Now that we’ve covered what a world heritage site is and why some of them are in danger, let’s explore a list of the Cultural World Heritage sites (as of October 2021) on the danger list and why they’re in peril.  

  • Abu Mena (Egypt): cave-ins within the area have made the site unstable
  • Ancient City of Aleppo (Syria): Civil war in the area
  • Ancient City of Bosra (Syria): Civil war in the area
  • Ancient City of Damascus (Syria): Civil war in the area
  • Crac des Chevaliers and Qal’at Salah El-Din (Syria): Civil war in the area
  • Site of Palmyra (Syria): Civil war in the area
  • Archaeological Site of Cyrene (Libya): Civil war in Libya
  • Archaeological Site of Leptis Magna (Libya): Civil war in Libya
  • Archaeological site of Sabratha (Libya): Civil war in Libya
  • Old town of Ghadames (Libya): Civil war in Libya 
  • Rock art sites of Tadrart Acacus (Libya): Civil war in Libya
  • Ashur (Qal’at Sherqat) (Iraq): Iraq War caused delays in construction of reservoir and overall lack of adequate protection of the area
  • Hatra (Iraq): Military and armed groups activity within the area
  • Samarra Archaeological City (Iraq): Iraq war and general civil unrest in the area
  • City of Potosi (Bolivia): Local mining has made the area unstable
  • Coro and its port (Venezuela): Heavy rains have made local structures unstable
  • Cultural Landscape and Archaeological remains of Bamain Valley (Afghanistan): Military and terrorist activity within the area has caused deterioration of much of the site
  • Fortifications on the Caribbean side of Panaman: Portobelo-San Lorenzo: Urban development and overall lack of maintenance 
  • Hebron/Al-Khalil Old Town (Palestine): Military activity within the area
  • Historic Center of Shakhrisyabz (Uzbekistan): Urban development and destruction of historic buildings and neighborhoods
  • Historic Center of Vienna (Austria): Urban development
  • Historic town of Zabid (Yemen): Deterioration of historic buildings
  • Old city of Sana’a (Yemen): Local civil war
  • Old Walled City of Shibam (Yemen): Armed conflicts and general unrest in the local area
  • Minaret and archaeological remains of Jam (Afghanistan): lack of protection and poor maintenance of the site
  • Medieval monuments in Kosovo: lack of protection and poor management, as well as local political instability
  • Nan Madol Ceremonial center of Eastern Micronesia: poor maintenance of waterways and existing structures at the site
  • Old City of Jerusalem: Continuing urban development and poor site maintenance
  • Old towns of Djenne (Mali): Deterioration of the historic town and site
  • Timbuktu (Mali): Religious groups threaten security and safety of the area
  • Tomb of Askia (Mali): Religious groups threaten security and safety of the area
  • Tombs of Buganda Kings at Kasubi (Uganda): Destruction of the area from a local fire 
  • Palestine: Land of Olives and Vines – Cultural Landscape of Southern Jerusalem: poor planning of urban development and natural site maintenance
  • Rosia Montana Mining landscape (Romania): Mining activity has caused deterioration of the site
  • Chan Chan Archaeological Zone (Peru): Natural erosion has caused damage to the site

Cultural Heritage Sites: How Can We Help Preserve them?

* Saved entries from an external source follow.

(* Let $R$ be a ring, $E$ a simple left $R$-module and $D$ any left $R$-module. Then $E$ (identified with $E\oplus 0$) is strongly hollow in $E\oplus D$ if and only if $E\notin\sigma[D]$.
   Context: A submodule $N$ of $M$ is strongly hollow in $M$ if for all submodules $K,L$ of $M$, $N\subseteq K+L$ implies $N\subseteq K$ or $N\subseteq L$. $\sigma[D]$ denotes the full subcategory of left $R$-modules consisting of submodules of factor modules of direct sums of copies of $D$ (for simple $E$: $E\in\sigma[D]$ iff $\mathrm{Hom}_R(E,D/A)\neq0$ for some submodule $A$ of $D$). *)

theory Defs
  imports "HOL-Algebra.Module"
begin

text \<open>Left modules over an arbitrary (not necessarily commutative) unital ring R:
  the axioms of the library locale module, but with only ring R instead of cring R.\<close>
definition left_module :: "('a, 'r) ring_scheme \<Rightarrow> ('a, 'b, 'm) module_scheme \<Rightarrow> bool" where
  "left_module R M \<longleftrightarrow> ring R \<and> abelian_group M \<and> module_axioms R M"

definition simple_module :: "('a, 'r) ring_scheme \<Rightarrow> ('a, 'b, 'm) module_scheme \<Rightarrow> bool" where
  "simple_module R M \<longleftrightarrow> left_module R M \<and> carrier M \<noteq> {\<zero>\<^bsub>M\<^esub>} \<and>
     (\<forall>N. submodule N R M \<longrightarrow> N = {\<zero>\<^bsub>M\<^esub>} \<or> N = carrier M)"

definition submod_sum :: "('a, 'b, 'm) module_scheme \<Rightarrow> 'b set \<Rightarrow> 'b set \<Rightarrow> 'b set" where
  "submod_sum M K L = {k \<oplus>\<^bsub>M\<^esub> l | k l. k \<in> K \<and> l \<in> L}"

definition strongly_hollow ::
    "('a, 'r) ring_scheme \<Rightarrow> ('a, 'b, 'm) module_scheme \<Rightarrow> 'b set \<Rightarrow> bool" where
  "strongly_hollow R M N \<longleftrightarrow>
     (\<forall>K L. submodule K R M \<longrightarrow> submodule L R M \<longrightarrow>
        N \<subseteq> submod_sum M K L \<longrightarrow> N \<subseteq> K \<or> N \<subseteq> L)"

text \<open>External direct sum E \<oplus> D (ring multiplication/one fields are irrelevant).\<close>
definition dsum :: "('a, 'b) module \<Rightarrow> ('a, 'c) module \<Rightarrow> ('a, 'b \<times> 'c) module" where
  "dsum E D = \<lparr>carrier = carrier E \<times> carrier D, mult = (\<lambda>_ _. undefined), one = undefined,
     zero = (\<zero>\<^bsub>E\<^esub>, \<zero>\<^bsub>D\<^esub>),
     add = (\<lambda>(a, b) (c, d). (a \<oplus>\<^bsub>E\<^esub> c, b \<oplus>\<^bsub>D\<^esub> d)),
     smult = (\<lambda>r (a, b). (r \<odot>\<^bsub>E\<^esub> a, r \<odot>\<^bsub>D\<^esub> b))\<rparr>"

definition quot_module :: "('a, 'b) module \<Rightarrow> 'b set \<Rightarrow> ('a, 'b set) module" where
  "quot_module D A = \<lparr>carrier = {{a \<oplus>\<^bsub>D\<^esub> x | a. a \<in> A} | x. x \<in> carrier D}, mult = (\<lambda>_ _. undefined), one = undefined,
     zero = A,
     add = (\<lambda>X Y. {x \<oplus>\<^bsub>D\<^esub> y | x y. x \<in> X \<and> y \<in> Y}),
     smult = (\<lambda>r X. {a \<oplus>\<^bsub>D\<^esub> (r \<odot>\<^bsub>D\<^esub> x) | a x. a \<in> A \<and> x \<in> X})\<rparr>"

definition lin_hom :: "('a, 'r) ring_scheme \<Rightarrow> ('a, 'b) module \<Rightarrow> ('a, 'c) module \<Rightarrow> ('b \<Rightarrow> 'c) \<Rightarrow> bool" where
  "lin_hom R M N f \<longleftrightarrow> f \<in> carrier M \<rightarrow> carrier N \<and>
     (\<forall>x\<in>carrier M. \<forall>y\<in>carrier M. f (x \<oplus>\<^bsub>M\<^esub> y) = f x \<oplus>\<^bsub>N\<^esub> f y) \<and>
     (\<forall>r\<in>carrier R. \<forall>x\<in>carrier M. f (r \<odot>\<^bsub>M\<^esub> x) = r \<odot>\<^bsub>N\<^esub> f x)"

text \<open>For simple E: E \<in> \<sigma>[D] iff Hom_R(E, D/A) \<noteq> 0 for some submodule A of D.\<close>
definition simple_in_sigma :: "('a, 'r) ring_scheme \<Rightarrow> ('a, 'c) module \<Rightarrow> ('a, 'b) module \<Rightarrow> bool" where
  "simple_in_sigma R D E \<longleftrightarrow>
     (\<exists>A f. submodule A R D \<and> lin_hom R E (quot_module D A) f \<and>
        (\<exists>x\<in>carrier E. f x \<noteq> \<zero>\<^bsub>quot_module D A\<^esub>))"

end

theory Submission
  imports Defs "HOL-Algebra.AbelCoset"
begin

text \<open>
  If some Hom(E, D/A) contains f \<noteq> 0, the graph K = {(x, d). d \<in> f x} and L = 0 \<oplus> D are
  submodules with E \<oplus> 0 \<subseteq> K + L; neither contains E \<oplus> 0, since (x, 0) \<in> K means f x = 0.
  Conversely, let E \<oplus> 0 \<subseteq> K + L with E \<oplus> 0 contained in neither. Simplicity of E forces
  K and L to meet E \<oplus> 0 trivially. Writing (x, 0) = k + l, the class of the D-component of l
  modulo A = snd ` (K \<inter> L) does not depend on the decomposition and is R-linear in x;
  it vanishes only when (x, 0) \<in> K, so it is a nonzero element of Hom(E, D/A).
\<close>

text \<open>The library locale module requires a commutative ring; this is the same notion over an
  arbitrary ring.\<close>

locale lmodule = R?: ring R + M?: abelian_group M
  for R :: "('a, 'r) ring_scheme" (structure) and M :: "('a, 'b) module" (structure) +
  assumes smult_closed [simp, intro]:
      "\<lbrakk>a \<in> carrier R; x \<in> carrier M\<rbrakk> \<Longrightarrow> a \<odot>\<^bsub>M\<^esub> x \<in> carrier M"
    and smult_l_distr:
      "\<lbrakk>a \<in> carrier R; b \<in> carrier R; x \<in> carrier M\<rbrakk> \<Longrightarrow>
      (a \<oplus> b) \<odot>\<^bsub>M\<^esub> x = a \<odot>\<^bsub>M\<^esub> x \<oplus>\<^bsub>M\<^esub> b \<odot>\<^bsub>M\<^esub> x"
    and smult_r_distr:
      "\<lbrakk>a \<in> carrier R; x \<in> carrier M; y \<in> carrier M\<rbrakk> \<Longrightarrow>
      a \<odot>\<^bsub>M\<^esub> (x \<oplus>\<^bsub>M\<^esub> y) = a \<odot>\<^bsub>M\<^esub> x \<oplus>\<^bsub>M\<^esub> a \<odot>\<^bsub>M\<^esub> y"
    and smult_assoc1:
      "\<lbrakk>a \<in> carrier R; b \<in> carrier R; x \<in> carrier M\<rbrakk> \<Longrightarrow>
      (a \<otimes> b) \<odot>\<^bsub>M\<^esub> x = a \<odot>\<^bsub>M\<^esub> (b \<odot>\<^bsub>M\<^esub> x)"
    and smult_one [simp]: "x \<in> carrier M \<Longrightarrow> \<one> \<odot>\<^bsub>M\<^esub> x = x"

There are a few things that you can do to help the efforts to preserve the Cultural Heritage sites in danger. First, if you are able, you can donate to local NGOs that are dedicated to helping preserve these sites. If you are unable to donate, or wish to do more, you can also often volunteer with these NGOs as well. They need positions of all types filled, so even with little experience you can still lend a hand to help. 

While it is tempting to plan your next trip to many of these sites, you should research these sites before buying a plane ticket. Some of these sites are safe to visit, but some because of the activity in the area are not safe for travelers. For the sites that are traveler-friendly, consider joining an ecotour in a sustainable manner. Ecotours use local guides, and a portion of the fees for the trip are used for conservation of the site.